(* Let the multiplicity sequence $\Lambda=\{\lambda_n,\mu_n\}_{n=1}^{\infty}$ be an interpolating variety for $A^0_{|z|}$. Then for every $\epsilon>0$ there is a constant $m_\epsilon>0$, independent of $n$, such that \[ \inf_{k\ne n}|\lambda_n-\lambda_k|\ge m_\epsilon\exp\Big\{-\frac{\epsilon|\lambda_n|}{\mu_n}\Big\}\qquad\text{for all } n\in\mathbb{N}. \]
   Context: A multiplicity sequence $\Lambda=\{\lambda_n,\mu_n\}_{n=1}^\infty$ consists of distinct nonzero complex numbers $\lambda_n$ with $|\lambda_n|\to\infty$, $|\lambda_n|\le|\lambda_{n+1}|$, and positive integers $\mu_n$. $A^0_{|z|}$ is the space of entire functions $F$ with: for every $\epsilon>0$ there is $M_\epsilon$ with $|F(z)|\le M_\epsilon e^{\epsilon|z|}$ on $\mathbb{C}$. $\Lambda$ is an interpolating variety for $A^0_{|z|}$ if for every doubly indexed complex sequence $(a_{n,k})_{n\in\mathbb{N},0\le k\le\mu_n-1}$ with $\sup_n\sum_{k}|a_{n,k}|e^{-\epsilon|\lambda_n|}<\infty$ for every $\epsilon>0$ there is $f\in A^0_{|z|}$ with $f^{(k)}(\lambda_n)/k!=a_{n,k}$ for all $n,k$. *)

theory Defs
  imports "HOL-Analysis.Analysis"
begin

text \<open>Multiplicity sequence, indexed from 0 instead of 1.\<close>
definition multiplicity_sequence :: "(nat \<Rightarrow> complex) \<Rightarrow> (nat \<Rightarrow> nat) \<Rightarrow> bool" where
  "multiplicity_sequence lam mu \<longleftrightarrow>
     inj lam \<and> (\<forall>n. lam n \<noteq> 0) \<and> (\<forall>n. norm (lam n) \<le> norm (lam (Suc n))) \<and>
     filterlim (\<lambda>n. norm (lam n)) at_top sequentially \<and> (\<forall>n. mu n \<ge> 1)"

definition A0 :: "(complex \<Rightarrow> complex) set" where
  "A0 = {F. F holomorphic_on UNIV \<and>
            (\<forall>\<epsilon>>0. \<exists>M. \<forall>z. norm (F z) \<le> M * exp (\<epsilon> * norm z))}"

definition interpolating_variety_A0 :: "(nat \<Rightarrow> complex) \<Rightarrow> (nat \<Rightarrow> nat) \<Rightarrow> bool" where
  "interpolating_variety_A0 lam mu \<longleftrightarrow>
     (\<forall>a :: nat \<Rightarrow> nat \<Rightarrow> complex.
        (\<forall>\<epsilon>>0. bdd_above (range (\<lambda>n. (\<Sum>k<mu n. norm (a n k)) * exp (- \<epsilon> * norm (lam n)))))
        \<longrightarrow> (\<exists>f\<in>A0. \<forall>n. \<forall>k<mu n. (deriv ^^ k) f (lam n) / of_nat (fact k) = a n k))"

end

» WORK TO COMPLETE
When the word "definition" appears in a line of the listing, pull that line out.

» RESULT FOR THIS TASK
definition multiplicity_sequence :: "(nat \<Rightarrow> complex) \<Rightarrow> (nat \<Rightarrow> nat) \<Rightarrow> bool" where
definition A0 :: "(complex \<Rightarrow> complex) set" where
definition interpolating_variety_A0 :: "(nat \<Rightarrow> complex) \<Rightarrow> (nat \<Rightarrow> nat) \<Rightarrow> bool" where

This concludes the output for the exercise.